The Anti-Kickback Statutes and regulations contain several “safe harbors” and other parameters for dentists, physicians, and chiropractors for establishing compliant relationships –including the need for “fair market value” compensation. These safe harbors are:
a- Personal services
b- Space and equipment leases
c- Sale of a medical practice
d- Practitioner recruitment
e- Employment agreements
Failure to meet a safe harbor does not make an arrangement illegal for a dentist or a physician but it may be investigated and prosecuted.
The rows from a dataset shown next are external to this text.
lemma card_sifted_interval_multiples:
  assumes "prime p" "p \<notin> S" "\<forall>q\<in>S. prime q"
  shows "card {m \<in> sifted_interval S c T. p dvd m} = card (sifted_interval S (c / p) (T / p))"
proof -
  have p: "p > 0"
    using assms(1) prime_gt_0_int by blast
  have coprime_factor: "q dvd p * m \<longleftrightarrow> q dvd m" if "q \<in> S" for q m
  proof -
    have "prime q" "q \<noteq> p"
      using that assms by auto
    then have "\<not> q dvd p"
      using primes_dvd_imp_eq[OF _ assms(1)] by blast
    then show ?thesis
      using \<open>prime q\<close> by (auto simp: prime_dvd_mult_iff)
  qed
  have scale: "c \<le> of_int (p * m) \<longleftrightarrow> c / p \<le> of_int m"
    "of_int (p * m) < c + T \<longleftrightarrow> of_int m < c / p + T / p" for m
    using p by (simp_all add: pos_divide_le_eq pos_less_divide_eq flip: add_divide_distrib, simp_all add: mult.commute)
  have "{m \<in> sifted_interval S c T. p dvd m} = (\<lambda>m. p * m) ` sifted_interval S (c / p) (T / p)"
    (is "?D = ?I")
  proof
    show "?D \<subseteq> ?I"
    proof
      fix x assume x: "x \<in> ?D"
      then obtain m where "x = p * m"
        by (auto elim: dvdE)
      with x show "x \<in> ?I"
        unfolding sifted_interval_def by (auto simp: coprime_factor scale simp del: of_int_mult)
    qed
    show "?I \<subseteq> ?D"
      unfolding sifted_interval_def by (auto simp: coprime_factor scale simp del: of_int_mult)
  qed
  moreover have "inj_on (\<lambda>m. p * m) A" for A
    using p by (auto simp: inj_on_def)
  ultimately show ?thesis
    by (simp add: card_image)
qed

(* Legendre's sieve.  Adding a prime p at most doubles the error, because the multiples of p that
   survive the primes of S correspond to the integers surviving S in the interval scaled by 1/p. *)
lemma card_sifted_interval:
  assumes "finite S" "\<forall>p\<in>S. prime p" "0 \<le> T"
  shows "\<bar>real (card (sifted_interval S c T)) - T * (\<Prod>p\<in>S. 1 - 1 / p)\<bar> \<le> 2 ^ card S"
  using assms
proof (induction S arbitrary: c T rule: finite_induct)
  case empty
  then show ?case using card_sifted_interval_empty by simp
next
  case (insert p S)
  define P where "P = (\<Prod>q\<in>S. 1 - 1 / real_of_int q)"
  define D where "D = {m \<in> sifted_interval S c T. p dvd m}"
  have p: "prime p" "p > 0"
    using insert.prems prime_gt_0_int by auto
  have "sifted_interval (insert p S) c T = sifted_interval S c T - D"
    by (auto simp: sifted_interval_def D_def)
  moreover have "D \<subseteq> sifted_interval S c T"
    by (auto simp: D_def)
  ultimately have "real (card (sifted_interval (insert p S) c T))
      = real (card (sifted_interval S c T)) - real (card D)"
    by (simp add: card_Diff_subset finite_subset[OF _ finite_sifted_interval] card_mono
        finite_sifted_interval of_nat_diff)
  moreover have "card D = card (sifted_interval S (c / p) (T / p))"
    unfolding D_def using insert p by (intro card_sifted_interval_multiples) auto
  moreover have "\<bar>real (card (sifted_interval S c T)) - T * P\<bar> \<le> 2 ^ card S"
    using insert.IH[of T c] insert.prems by (simp add: P_def)
  moreover have "\<bar>real (card (sifted_interval S (c / p) (T / p))) - T / p * P\<bar> \<le> 2 ^ card S"
    using insert.IH[of "T / p" "c / p"] insert.prems p by (simp add: P_def)
  moreover have "T * (\<Prod>q\<in>insert p S. 1 - 1 / real_of_int q) = T * P - T / p * P"
    using insert by (simp add: P_def algebra_simps)
  ultimately show ?case
    using insert.hyps by (simp add: abs_le_iff)
qed

lemma sifted_interval_nonempty:
  assumes "finite S" "\<forall>p\<in>S. prime p" "4 ^ card S < T"
  shows "sifted_interval S c T \<noteq> {}"
proof -
  have "(1 / 2) ^ card S \<le> (\<Prod>p\<in>S. 1 - 1 / real_of_int p)"
  proof -
    have "(1 / 2 :: real) ^ card S = (\<Prod>p\<in>S. 1 / 2)"
      by simp
    also have "\<dots> \<le> (\<Prod>p\<in>S. 1 - 1 / real_of_int p)"
    proof (rule prod_mono)
      fix p assume "p \<in> S"
      then have "real_of_int p \<ge> 2"
        using assms(2) prime_ge_2_int by force
      then show "0 \<le> (1 / 2 :: real) \<and> 1 / 2 \<le> 1 - 1 / real_of_int p"
        by (simp add: field_simps)
    qed
    finally show ?thesis .
  qed
  moreover have "T > 0"
    using assms(3) zero_less_power[of "4::real" "card S"] by linarith
  ultimately have "T * (1 / 2) ^ card S \<le> T * (\<Prod>p\<in>S. 1 - 1 / real_of_int p)"
    by simp
  moreover have "2 ^ card S < T * (1 / 2) ^ card S"
    using assms(3) by (simp add: field_simps power_one_over flip: power_mult_distrib)
  ultimately have "real (card (sifted_interval S c T)) > 0"
    using card_sifted_interval[OF assms(1,2) less_imp_le[OF \<open>T > 0\<close>], of c]
    by (simp add: abs_le_iff)
  then show ?thesis
    by fastforce
qed

lemma prod_prime_factors_le:
  fixes N :: int
  assumes "N > 0" "A \<subseteq> prime_factors N"
  shows "(\<Prod>p\<in>A. p) \<le> N"
proof -
  have "(\<Prod>p\<in>A. p) dvd (\<Prod>p\<in>prime_factors N. p ^ multiplicity p N)"
  proof (rule prod_dvd_prod_subset2)
    fix p assume "p \<in> A"
    then have "multiplicity p N > 0"
      using assms by (auto simp: prime_factors_multiplicity)
    then show "p dvd p ^ multiplicity p N"
      by (simp add: dvd_power)
  qed (use assms(2) in auto)
  also have "\<dots> = N"
    using assms(1) by (simp add: prod_prime_factors)
  finally show ?thesis
    using assms(1) by (rule zdvd_imp_le)
qed

lemma card_prime_factors_bound:
  fixes N :: int and B :: nat
  assumes "N > 0" "1 \<le> B"
  shows "real B ^ card (prime_factors N) \<le> real B ^ B * of_int N"
proof -
  define small where "small = {p \<in> prime_factors N. p < int B}"
  define large where "large = {p \<in> prime_factors N. int B \<le> p}"
  have fin: "finite small" "finite large"
    by (simp_all add: small_def large_def)
  have split: "prime_factors N = small \<union> large"
    by (auto simp: small_def large_def)
  have card_split: "card (prime_factors N) = card small + card large"
    unfolding split using fin by (rule card_Un_disjoint) (auto simp: small_def large_def)
  have "small \<subseteq> {0..<int B}"
    by (auto simp: small_def intro: prime_ge_0_int)
  then have "card small \<le> B"
    using card_mono[of "{0..<int B}" small] by simp
  moreover have "real B ^ card large \<le> of_int N"
  proof -
    have "real B ^ card large = (\<Prod>p\<in>large. real B)"
      by simp
    also have "\<dots> \<le> (\<Prod>p\<in>large. real_of_int p)"
      by (intro prod_mono) (auto simp: large_def)
    also have "\<dots> \<le> of_int N"
      using prod_prime_factors_le[OF assms(1), of large] by (simp add: large_def flip: of_int_prod)
    finally show ?thesis .
  qed
  ultimately show ?thesis
    using assms(2) unfolding card_split power_add by (intro mult_mono power_increasing) auto
qed

lemma exists_coprime_in_interval:
  fixes N :: int and c T :: real
  assumes "N > 0" "64 ^ 64 * real_of_int N < T ^ 3"
  shows "\<exists>m::int. c \<le> m \<and> m < c + T \<and> coprime m N"
proof -
  define S where "S = prime_factors N"
  have "0 < 64 ^ 64 * real_of_int N"
    using assms(1) by simp
  then have "0 < T ^ 3"
    using assms(2) by linarith
  then have "T > 0"
    by (simp add: zero_less_power_eq)
  have "(4 ^ card S) ^ 3 = (4 ^ 3 :: real) ^ card S"
    by (metis power_mult mult.commute)
  also have "\<dots> \<le> 64 ^ 64 * of_int N"
    using card_prime_factors_bound[OF assms(1), of 64] by (simp add: S_def)
  also have "\<dots> < T ^ 3"
    by (fact assms(2))
  finally have "4 ^ card S < T"
    using \<open>T > 0\<close> by (simp add: power_less_imp_less_base[of _ 3])
  then obtain m where m: "m \<in> sifted_interval S c T"
    using sifted_interval_nonempty[of S T c] by (auto simp: S_def)
  have "coprime m N"
  proof (rule ccontr)
    assume "\<not> coprime m N"
    then have "\<not> is_unit (gcd m N)" "gcd m N \<noteq> 0"
      using assms(1) by (auto simp: coprime_iff_gcd_eq_1)
    then obtain p where "prime p" "p dvd gcd m N"
      using prime_divisorE by blast
    then show False
      using m assms(1) by (auto simp: sifted_interval_def S_def in_prime_factors_iff)
  qed
  then show ?thesis
    using m by (auto simp: sifted_interval_def)
qed
lemma strict_mono_chain_len: "strict_mono chain_len"
  unfolding strict_mono_Suc_iff by (simp add: chain_len_Suc less_Suc_eq_le)

lemma length_lens [simp]: "length (lens i) = Suc i"
  by (induction i) auto

lemma nth_lens: "k \<le> i \<Longrightarrow> lens i ! k = chain_len k"
proof (induction i)
  case 0
  then show ?case by (simp add: chain_len_def)
next
  case (Suc i)
  then show ?case
    by (cases "k = Suc i") (simp_all add: nth_append chain_len_def last_conv_nth)
qed

lemma sorted_lens: "sorted_wrt (<) (lens i)"
  by (simp add: sorted_wrt_iff_nth_Suc_transp nth_lens strict_mono_chain_len strict_mono_less)

lemma link_eq_iff [simp]: "link k = link k' \<longleftrightarrow> k = k'"
  using strict_mono_chain_len by (simp add: link_def strict_mono_eq)

lemma length_link: "length (link k) = chain_len k"
  by (simp add: link_def)

lemma adversary_link: "k < i \<Longrightarrow> adversary i (link k) = link (Suc k)"
  using chain_oracle_link[OF sorted_lens, of k i] by (simp add: adversary_def link_def nth_lens)

lemma adversary_fixed: "(\<And>k. k < i \<Longrightarrow> x \<noteq> link k) \<Longrightarrow> adversary i x = x"
  unfolding adversary_def by (rule chain_oracle_fixed) (simp add: nth_lens link_def)

lemma iterate_adversary: "(adversary i ^^ n) [] = link (min n i)"
proof (induction n)
  case 0
  then show ?case by (simp add: link_0)
next
  case (Suc n)
  show ?case
  proof (cases "n < i")
    case False
    then have "adversary i (link i) = link i" by (intro adversary_fixed) simp
    then show ?thesis using Suc False by simp
  qed (use Suc adversary_link in simp)
qed

definition spoiled_adversary :: "nat \<Rightarrow> bfun" where
  "spoiled_adversary i = (adversary i)(link i := [False])"

lemma False_neq_link: "[False] \<noteq> link k"
  by (cases "chain_len k") (auto simp: link_def)

lemma iterate_spoiled_adversary: "(spoiled_adversary i ^^ (Suc i + m)) [] = [False]"
proof (induction m)
  case 0
  have "(spoiled_adversary i ^^ n) [] = link n" if "n \<le> i" for n
    using that by (induction n) (simp_all add: spoiled_adversary_def link_0 adversary_link)
  then have "(spoiled_adversary i ^^ Suc i) [] = spoiled_adversary i (link i)"
    by simp
  also have "\<dots> = [False]"
    unfolding spoiled_adversary_def by (rule fun_upd_same)
  finally show ?case by simp
next
  case (Suc m)
  have "spoiled_adversary i [False] = [False]"
    using False_neq_link by (simp add: spoiled_adversary_def adversary_fixed)
  then show ?case using Suc by simp
qed
(* Let $P\in\mathbb{R}^{p_1\times q_1}_+$, $Q\in\mathbb{R}^{p_2\times q_1}_+$, $R\in\mathbb{R}^{p_2\times q_2}_+$ be nonnegative matrices and let \[ M=\begin{bmatrix} P & 0\\ Q & R\end{bmatrix}\in\mathbb{R}^{(p_1+p_2)\times(q_1+q_2)}_+. \] Then $\operatorname{rank}_{\mathrm{psd}}(M)\ge\operatorname{rank}_{\mathrm{psd}}(P)+\operatorname{rank}_{\mathrm{psd}}(R)$. Moreover, if $Q=0$ then equality holds.
   Context: $\mathcal{S}^k_+$ denotes the cone of $k\times k$ real symmetric positive semidefinite matrices, with inner product $\langle A,B\rangle = \operatorname{trace}(AB)$. A psd factorization of size $k$ of a nonnegative matrix $M\in\mathbb{R}^{p\times q}_+$ is a collection $A_1,\dots,A_p, B_1,\dots,B_q \in \mathcal{S}^k_+$ with $M_{ij} = \langle A_i, B_j\rangle$ for all $i,j$; the psd rank $\operatorname{rank}_{\mathrm{psd}}(M)$ is the smallest $k$ for which such a factorization exists. *)

theory Defs
  imports Main Complex_Main
begin

text \<open>Matrices of varying size are represented as functions nat => nat => real,
  with the relevant entries being those with indices below the stated dimensions.\<close>

definition psd_mat :: "nat \<Rightarrow> (nat \<Rightarrow> nat \<Rightarrow> real) \<Rightarrow> bool" where
  "psd_mat k A \<longleftrightarrow>
     (\<forall>i<k. \<forall>j<k. A i j = A j i) \<and>
     (\<forall>x :: nat \<Rightarrow> real. 0 \<le> (\<Sum>i<k. \<Sum>j<k. x i * A i j * x j))"

definition trace_inner :: "nat \<Rightarrow> (nat \<Rightarrow> nat \<Rightarrow> real) \<Rightarrow> (nat \<Rightarrow> nat \<Rightarrow> real) \<Rightarrow> real" where
  "trace_inner k A B = (\<Sum>i<k. \<Sum>j<k. A i j * B j i)"

definition nonneg_mat :: "nat \<Rightarrow> nat \<Rightarrow> (nat \<Rightarrow> nat \<Rightarrow> real) \<Rightarrow> bool" where
  "nonneg_mat p q M \<longleftrightarrow> (\<forall>i<p. \<forall>j<q. 0 \<le> M i j)"

definition has_psd_factorization ::
  "nat \<Rightarrow> nat \<Rightarrow> (nat \<Rightarrow> nat \<Rightarrow> real) \<Rightarrow> nat \<Rightarrow> bool" where
  "has_psd_factorization p q M k \<longleftrightarrow>
     (\<exists>A B :: nat \<Rightarrow> nat \<Rightarrow> nat \<Rightarrow> real.
        (\<forall>i<p. psd_mat k (A i)) \<and> (\<forall>j<q. psd_mat k (B j)) \<and>
        (\<forall>i<p. \<forall>j<q. M i j = trace_inner k (A i) (B j)))"

definition psd_rank :: "nat \<Rightarrow> nat \<Rightarrow> (nat \<Rightarrow> nat \<Rightarrow> real) \<Rightarrow> nat" where
  "psd_rank p q M = (LEAST k. has_psd_factorization p q M k)"
lemma loc_asym_stable_by_linearization:
  fixes F L P :: "state \<Rightarrow> state"
  assumes "F e = 0" and linearization: "(F has_derivative L) (at e)"
    and "linear P" and "\<And>y v. inner (P y) v = inner y (P v)"
    and "m > 0" and "\<And>y. m * (norm y)^2 \<le> inner y (P y)"
    and "\<kappa> > 0" and lyapunov: "\<And>y. inner (P y) (L y) \<le> - \<kappa> * (norm y)^2"
  shows "loc_asym_stable F e"
proof -
  obtain B where "B > 0" and P_bound: "\<And>y. norm (P y) \<le> B * norm y"
    using linear_bounded_pos[OF \<open>linear P\<close>] by blast
  have upper: "inner y (P y) \<le> B * (norm y)^2" for y
    using norm_cauchy_schwarz[of y "P y"] mult_left_mono[OF P_bound[of y] norm_ge_zero[of y]]
    by (simp add: power2_eq_square mult_ac)
  have "\<kappa> / (2 * B) > 0" using \<open>\<kappa> > 0\<close> \<open>B > 0\<close> by simp
  then obtain \<rho> where "\<rho> > 0"
    and remainder: "\<And>y. norm y < \<rho> \<Longrightarrow> norm (F (e + y) - L y) \<le> \<kappa> / (2 * B) * norm y"
    using linearization \<open>F e = 0\<close> unfolding has_derivative_within_alt
    by (metis UNIV_I add_diff_cancel_left' diff_zero)
  have decrease: "inner (P y) (F (e + y)) \<le> - (\<kappa> / 2) * (norm y)^2" if "norm y < \<rho>" for y
  proof -
    have "inner (P y) (F (e + y) - L y) \<le> norm (P y) * norm (F (e + y) - L y)"
      by (rule norm_cauchy_schwarz)
    also have "\<dots> \<le> (B * norm y) * (\<kappa> / (2 * B) * norm y)"
      using P_bound remainder[OF that] \<open>B > 0\<close> by (intro mult_mono) auto
    also have "\<dots> = (\<kappa> / 2) * (norm y)^2" using \<open>B > 0\<close> by (simp add: power2_eq_square)
    finally show ?thesis using lyapunov[of y] by (simp add: inner_diff_right)
  qed
  interpret quadratic_lyapunov F P e m B "\<kappa> / 2" \<rho>
    using assms upper decrease \<open>\<rho> > 0\<close> by (intro quadratic_lyapunov.intro) simp_all
  show ?thesis by (rule loc_asym_stable)
qed

text \<open>The entry of i in the i-component vanishes since infected growth and death balance at E2.\<close>
definition E2_jacobian :: "real \<Rightarrow> real \<Rightarrow> real \<Rightarrow> real \<Rightarrow> real \<Rightarrow> real \<Rightarrow> real \<Rightarrow> real \<Rightarrow> state \<Rightarrow> state"
  where "E2_jacobian p g q \<mu> w h \<sigma> \<eta> =
    (\<lambda>(x, s, i, a). (p * x + g * s - q * i, \<mu> * s, w * x + h * s, \<sigma> * (s + i) - \<eta> * a))"

text \<open>The weights w and q cancel the x-i coupling of the Jacobian; \<beta> > 0 makes i^2 decrease.\<close>
definition E2_lyapunov_map :: "real \<Rightarrow> real \<Rightarrow> real \<Rightarrow> real \<Rightarrow> real \<Rightarrow> state \<Rightarrow> state"
  where "E2_lyapunov_map w \<beta> q k \<epsilon> = (\<lambda>(x, s, i, a). (w * x + \<beta> * i, k * s, \<beta> * x + q * i, \<epsilon> * a))"

lemma product_le_weighted_squares:
  fixes t u v :: real
  assumes "t > 0"
  shows "u * v \<le> (t * u^2 + v^2 / t) / 2"
proof -
  have "0 \<le> (t * u - v)^2 / t" using assms by simp
  also have "(t * u - v)^2 / t = t * u^2 + v^2 / t - 2 * (u * v)"
    using assms by (simp add: power2_eq_square field_simps)
  finally show ?thesis by simp
qed

lemma linear_E2_lyapunov_map: "linear (E2_lyapunov_map w \<beta> q k \<epsilon>)"
  by (rule linearI) (auto simp: E2_lyapunov_map_def split_beta algebra_simps)

lemma E2_lyapunov_map_symmetric:
  "inner (E2_lyapunov_map w \<beta> q k \<epsilon> y) v = inner y (E2_lyapunov_map w \<beta> q k \<epsilon> v)"
  by (cases y rule: prod_cases4; cases v rule: prod_cases4) (simp add: E2_lyapunov_map_def algebra_simps)
(* Let $S$ be an atomic base, let $\Gamma = x_1:A_1,\dots,x_n:A_n$ be a context and let $t$ be a term with $tFV(t)\subseteq\{x_1,\dots,x_n\}$. If the term $t$ of $A$ from $\Gamma$ is E-valid (with respect to $S$), then there is a normal proof-term $s$ (with respect to $S$) such that $t\twoheadrightarrow s$ and $\Gamma\vdash s:A$ is derivable in $\mathbf{IL}_{\mathbf{at}}$.
   Context: System $\mathbf{IL}_{\mathbf{at}}$ (atomic second-order intuitionistic propositional logic). Formulas: $A,B ::= X \mid A\to B \mid \forall X.A$, where $X$ ranges over atoms (propositional variables). Terms: $t,s ::= x \mid c^A \mid \lambda x.t \mid ts \mid \Lambda X.t \mid tX$, where $x$ ranges over term-variables, $c^A$ is a term-constant for each formula $A$, and in $tX$ the argument is an atom. Terms and formulas are taken up to $\alpha$-equivalence; $t[x:=s]$, $t[X:=Y]$, $A[X:=B]$ are capture-avoiding substitutions; $t[\vec{t_i}]$ denotes the simultaneous substitution $t[x_1:=t_1,\dots,x_n:=t_n]$. $tFV(t)$ is the set of free term-variables of $t$, $FV(t)$ the set of free term- and propositional variables. A term is closed if it has no free term-variable. A context is a finite set $x_1:A_1,\dots,x_n:A_n$ with distinct term-variables; $PFV(\Gamma)$ is the set of propositional variables free in $A_1,\dots,A_n$. $\Gamma\vdash t:A$ is derivable if generated by: $\Gamma,x:A\vdash x:A$; $\Gamma\vdash c^A:A$; from $\Gamma,x:A\vdash t:B$ infer $\Gamma\vdash\lambda x.t:A\to B$; from $\Gamma\vdash t:A\to B$ and $\Gamma\vdash s:A$ infer $\Gamma\vdash ts:B$; from $\Gamma\vdash t:A$ with $X\notin PFV(\Gamma)$ infer $\Gamma\vdash\Lambda X.t:\forall X.A$; from $\Gamma\vdash t:\forall X.A$ infer $\Gamma\vdash tY:A[X:=Y]$ for any atom $Y$. $\beta$-reduction $\to_\beta$: $(\lambda x.t)s\to_\beta t[x:=s]$, $(\Lambda X.t)Y\to_\beta t[X:=Y]$, closed under taking subterms in any position (application function/argument, under $\lambda$ and under $\Lambda$). A term is normal if it contains no redex (left-hand side of these two rules). $\twoheadrightarrow$ is the reflexive-transitive closure of $\to_\beta$. An atomic base $S$ is a set of term-constants $c^X$ for atoms $X$. A proof-term is a term in which no term-constant occurs other than those $c^X\in S$. qE-validity: (1) a closed term $t$ of an atom $X$ is qE-valid iff $t\twoheadrightarrow s$ for some normal $s$ with $\vdash s:X$ derivable; (2) a closed term $t$ of $B\to C$ is qE-valid iff $ts$ of $C$ is qE-valid for every qE-valid closed term $s$ of $B$; (3) a closed term $t$ of $\forall X.A$ is qE-valid iff $tY$ of $A[X:=Y]$ is qE-valid for every atom $Y$; (4) a term $t$ of $A$ from $x_1:A_1,\dots,x_n:A_n$ with $tFV(t)\subseteq\{x_1,\dots,x_n\}$ is qE-valid iff $t[\vec{t_i}]$ of $A$ is qE-valid for all qE-valid closed terms $t_i$ of $A_i$ ($1\le i\le n$). A term is E-valid iff it is a proof-term and qE-valid. *)

theory Defs
  imports Main
begin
While many Stark exceptions bear similarity to the Anti-Kickback safe harbors, most Stark Law exceptions applicable to practice acquisitions and physician employment have fair market value and commercial reasonableness requirements, including the bona-fide employment exception, the personal services arrangement exception and the fair market value exception.
Feel free to contact me (301-309-9002; email@example.com) if you are a dentist or physician seeking legal representation for business healthcare matters.
Have a Strong Advocate on Your Side!
A. Shane Kamkari, Esq,
Medical & Dental Practice Attorney.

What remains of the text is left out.